- Opening Delimiter -

lemma allpass_in_RH_inf:
  assumes "s \<in> \<real>" "\<bar>a\<bar> < 1"
  shows "allpass s a \<in> RH_inf"
proof -
  obtain sr where s: "s = of_real sr" using assms(1) by (auto elim: Reals_cases)
  have "allpass s a = (\<lambda>z. poly (map_poly complex_of_real [:sr, sr * a:]) z
                          / poly (map_poly complex_of_real [:a, 1:]) z)"
    by (auto simp: allpass_def s fun_eq_iff map_poly_pCons algebra_simps)
  moreover have "cmod z < 1" if "poly (map_poly complex_of_real [:a, 1:]) z = 0" for z
    using that allpass_denominator_nonzero[OF assms(2), of z] by (force simp: map_poly_pCons add.commute)
  ultimately show ?thesis unfolding RH_inf_def by (intro CollectI exI[of _ "[:sr, sr * a:]"] exI[of _ "[:a, 1:]"]) auto
qed

lemma allpass_unit_circle:
  assumes "\<bar>a\<bar> < 1" "cmod z = 1"
  shows "allpass s a z = s * z * cnj (z + of_real a) / (z + of_real a)"
    and "cmod (allpass s a z) = cmod s"
proof -
  have "z * cnj z = 1" by (metis complex_norm_square assms(2) of_real_1 power_one)
  then have num: "of_real a * z + 1 = z * cnj (z + of_real a)" by (simp add: algebra_simps)
  then show "allpass s a z = s * z * cnj (z + of_real a) / (z + of_real a)"
    by (simp add: allpass_def mult.assoc)
  have "z + of_real a \<noteq> 0" using allpass_denominator_nonzero assms by simp
  moreover have "cmod (of_real a * z + 1) = cmod (z + of_real a)"
    unfolding num norm_mult complex_mod_cnj using assms(2) by simp
  ultimately show "cmod (allpass s a z) = cmod s"
    by (simp add: allpass_def norm_mult norm_divide)
qed

lemma hinf_norm_allpass:
  assumes "\<bar>a\<bar> < 1"
  shows "hinf_norm (allpass s a) = cmod s"
  using allpass_unit_circle(2)[OF assms] by (simp add: hinf_norm_def)

lemma phase_deriv_allpass:
  assumes "s \<noteq> 0" "\<bar>a\<bar> < 1"
  shows "phase_deriv (allpass s a) \<omega> = (a\<^sup>2 - 1) / (cmod (cis \<omega> + of_real a))\<^sup>2"
proof -
  define z where "z = cis \<omega>"
  define W where "W = z + of_real a"
  define S where "S = {z. z + complex_of_real a \<noteq> 0}"
  have W: "W \<noteq> 0" using allpass_denominator_nonzero[OF assms(2)] by (simp add: W_def z_def)
  have "open S" unfolding S_def by (intro open_Collect_neq continuous_intros)
  moreover have "z \<in> S" using W by (simp add: S_def W_def)
  moreover have "allpass s a holomorphic_on S"
    unfolding allpass_def[abs_def] S_def by (intro holomorphic_intros) auto
  moreover have "allpass s a z \<noteq> 0"
    using allpass_unit_circle(2)[OF assms(2), of z s] assms(1) by (auto simp: z_def)
  ultimately have "phase_deriv (allpass s a) \<omega> = Re (z * deriv (allpass s a) z / allpass s a z)"
    unfolding z_def by (rule phase_deriv_holomorphic)
  also have "deriv (allpass s a) z = s * of_real (a\<^sup>2 - 1) / W\<^sup>2"
    unfolding allpass_def[abs_def] W_def using W[unfolded W_def]
    by (intro DERIV_imp_deriv) (auto intro!: derivative_eq_intros simp: power2_eq_square field_simps)
  also have "allpass s a z = s * z * cnj W / W"
    using allpass_unit_circle(1)[OF assms(2)] by (simp add: W_def z_def)
  also have "z * (s * of_real (a\<^sup>2 - 1) / W\<^sup>2) / (s * z * cnj W / W) = of_real (a\<^sup>2 - 1) / (W * cnj W)"
    using W assms(1) by (simp add: z_def power2_eq_square)
  also have "W * cnj W = of_real ((cmod W)\<^sup>2)" by (rule complex_norm_square[symmetric])
  finally show ?thesis by (simp add: W_def z_def)
qed

text \<open>Real and imaginary parts of the interpolation condition
  \<open>cis \<theta> * (cis \<omega> + a) = sr * (a * cis \<omega> + 1)\<close>, with \<open>x, y, u, v\<close> standing for
  \<open>cos \<theta>, sin \<theta>, cos \<omega>, sin \<omega>\<close>; the condition is linear in \<open>a\<close>.\<close>
lemma allpass_parameter_identities:
  fixes x y u v sr :: real
  assumes "x\<^sup>2 + y\<^sup>2 = 1" "u\<^sup>2 + v\<^sup>2 = 1" "sr\<^sup>2 = 1"
    and "1 - sr * (u * x + v * y) \<noteq> 0"
  defines "a \<equiv> (sr * x - u) / (1 - sr * (u * x + v * y))"
  shows "x * (u + a) - y * v = sr * (a * u + 1)" and "x * v + y * (u + a) = sr * a * v"
  using assms unfolding a_def by (simp_all add: field_simps) algebra+

lemma allpass_interpolation:
  assumes "0 < \<omega>" "\<omega> < pi" "sin \<theta> \<noteq> 0"
  obtains sr a :: real
  where "sr \<in> {1, -1}" "sr * sin \<theta> < 0" "\<bar>a\<bar> < 1" "allpass (of_real sr) a (cis \<omega>) = cis \<theta>"
proof -
  define x where "x = cos \<theta>"
  define y where "y = sin \<theta>"
  define u where "u = cos \<omega>"
  define v where "v = sin \<omega>"
  define sr :: real where "sr = (if y > 0 then -1 else 1)"
  have sr: "sr \<in> {1, -1}" "sr\<^sup>2 = 1" by (auto simp: sr_def)
  have sry: "sr * y < 0" using assms(3) by (auto simp: sr_def y_def)
  have "v > 0" unfolding v_def using assms(1,2) by (rule sin_gt_zero)
  txt \<open>With \<open>sr\<close> of sign opposite to \<open>sin \<theta>\<close>, the denominator of \<open>a\<close> exceeds
    the modulus of its numerator.\<close>
  have "\<bar>sr * x\<bar> \<le> 1" "\<bar>u\<bar> \<le> 1" using sr by (auto simp: x_def u_def abs_mult)
  then have "(1 + u) * (1 - sr * x) \<ge> 0" "(1 - u) * (1 + sr * x) \<ge> 0"
    by (auto intro!: mult_nonneg_nonneg)
  moreover have "- (sr * y) * v > 0" using sry \<open>v > 0\<close> by (simp add: mult_neg_pos)
  ultimately have "1 - sr * (u * x + v * y) - (sr * x - u) > 0" "1 - sr * (u * x + v * y) + (sr * x - u) > 0"
    by (simp_all add: algebra_simps)
  then have D: "1 - sr * (u * x + v * y) > 0"
    and a: "\<bar>(sr * x - u) / (1 - sr * (u * x + v * y))\<bar> < 1"
    by (auto simp: abs_less_iff divide_less_eq less_divide_eq)
  define a where "a = (sr * x - u) / (1 - sr * (u * x + v * y))"
  have "x\<^sup>2 + y\<^sup>2 = 1" "u\<^sup>2 + v\<^sup>2 = 1" by (simp_all add: x_def y_def u_def v_def)
  note identities = allpass_parameter_identities[OF this sr(2) less_imp_neq[OF D, symmetric], folded a_def]
  have "cis \<theta> * (cis \<omega> + of_real a) = of_real sr * (of_real a * cis \<omega> + 1)"
    using identities by (simp add: complex_eq_iff x_def y_def u_def v_def algebra_simps)
  moreover have "cis \<omega> + of_real a \<noteq> 0" using a by (intro allpass_denominator_nonzero) (simp_all add: a_def)
  ultimately have "allpass (of_real sr) a (cis \<omega>) = cis \<theta>" by (simp add: allpass_def field_simps)
  with sr(1) sry a show thesis by (intro that) (simp_all add: y_def a_def)
qed

lemma phase_deriv_interpolating_allpass:
  assumes a: "\<bar>a\<bar> < 1" and sr: "sr\<^sup>2 = 1" and interp: "allpass (of_real sr) a (cis \<omega>) = cis \<theta>"
    and "sin \<omega> \<noteq> 0"
  shows "phase_deriv (allpass (of_real sr) a) \<omega> = sr * sin \<theta> / sin \<omega>"
proof -
  define z where "z = cis \<omega>"
  define W where "W = z + of_real a"
  have "W \<noteq> 0" using allpass_denominator_nonzero[OF a] by (simp add: W_def z_def)
  have "z * cnj z = 1" by (simp add: z_def cis_cnj cis_mult)
  have "cis \<theta> = of_real sr * z * cnj W / W"
    using interp allpass_unit_circle(1)[OF a, of z] by (simp add: W_def z_def)
  then have tW: "cis \<theta> * W = of_real sr * z * cnj W" using \<open>W \<noteq> 0\<close> by (simp add: eq_divide_eq)
  have "cis \<theta> * of_real ((cmod W)\<^sup>2) = cis \<theta> * W * cnj W"
    by (simp only: complex_norm_square mult.assoc)
  also have "\<dots> = of_real sr * z * (cnj W)\<^sup>2"
    by (simp add: tW power2_eq_square mult.assoc)
  also have "\<dots> = of_real sr * (cnj z * (z * cnj z) + 2 * of_real a * (z * cnj z) + of_real (a\<^sup>2) * z)"
    by (simp add: W_def power2_eq_square algebra_simps)
  also have "\<dots> = of_real sr * (cnj z + 2 * of_real a + of_real (a\<^sup>2) * z)"
    by (simp only: \<open>z * cnj z = 1\<close> mult_1_right)
  finally have "sin \<theta> * (cmod W)\<^sup>2 = sr * (sin \<omega> * (a\<^sup>2 - 1))"
    by (fastforce dest: arg_cong[of _ _ Im] simp: z_def algebra_simps)
  then have "sr * sin \<theta> * (cmod W)\<^sup>2 = sr\<^sup>2 * (sin \<omega> * (a\<^sup>2 - 1))"
    by (simp only: mult.assoc power2_eq_square)
  then have "sr * sin \<theta> * (cmod W)\<^sup>2 = sin \<omega> * (a\<^sup>2 - 1)"
    using sr by simp
  moreover have "(cmod W)\<^sup>2 > 0" using \<open>W \<noteq> 0\<close> by simp
  ultimately have "(a\<^sup>2 - 1) / (cmod W)\<^sup>2 = sr * sin \<theta> / sin \<omega>"
    using \<open>sin \<omega> \<noteq> 0\<close> by (simp add: field_simps)
  moreover have "complex_of_real sr \<noteq> 0" using sr by auto
  ultimately show ?thesis using phase_deriv_allpass[OF _ a] by (simp add: W_def z_def)
qed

- Closing Delimiter -

Work to be completed: Beginning at the line above that contains "by (simp only: complex_norm_square", return each line exactly through the line that contains "W)\<^sup>2 = sr\<^sup>2", and no others.

Answer for the task:
    by (simp only: complex_norm_square mult.assoc)
  also have "\<dots> = of_real sr * z * (cnj W)\<^sup>2"
    by (simp add: tW power2_eq_square mult.assoc)
  also have "\<dots> = of_real sr * (cnj z * (z * cnj z) + 2 * of_real a * (z * cnj z) + of_real (a\<^sup>2) * z)"
    by (simp add: W_def power2_eq_square algebra_simps)
  also have "\<dots> = of_real sr * (cnj z + 2 * of_real a + of_real (a\<^sup>2) * z)"
    by (simp only: \<open>z * cnj z = 1\<close> mult_1_right)
  finally have "sin \<theta> * (cmod W)\<^sup>2 = sr * (sin \<omega> * (a\<^sup>2 - 1))"
    by (fastforce dest: arg_cong[of _ _ Im] simp: z_def algebra_simps)
  then have "sr * sin \<theta> * (cmod W)\<^sup>2 = sr\<^sup>2 * (sin \<omega> * (a\<^sup>2 - 1))"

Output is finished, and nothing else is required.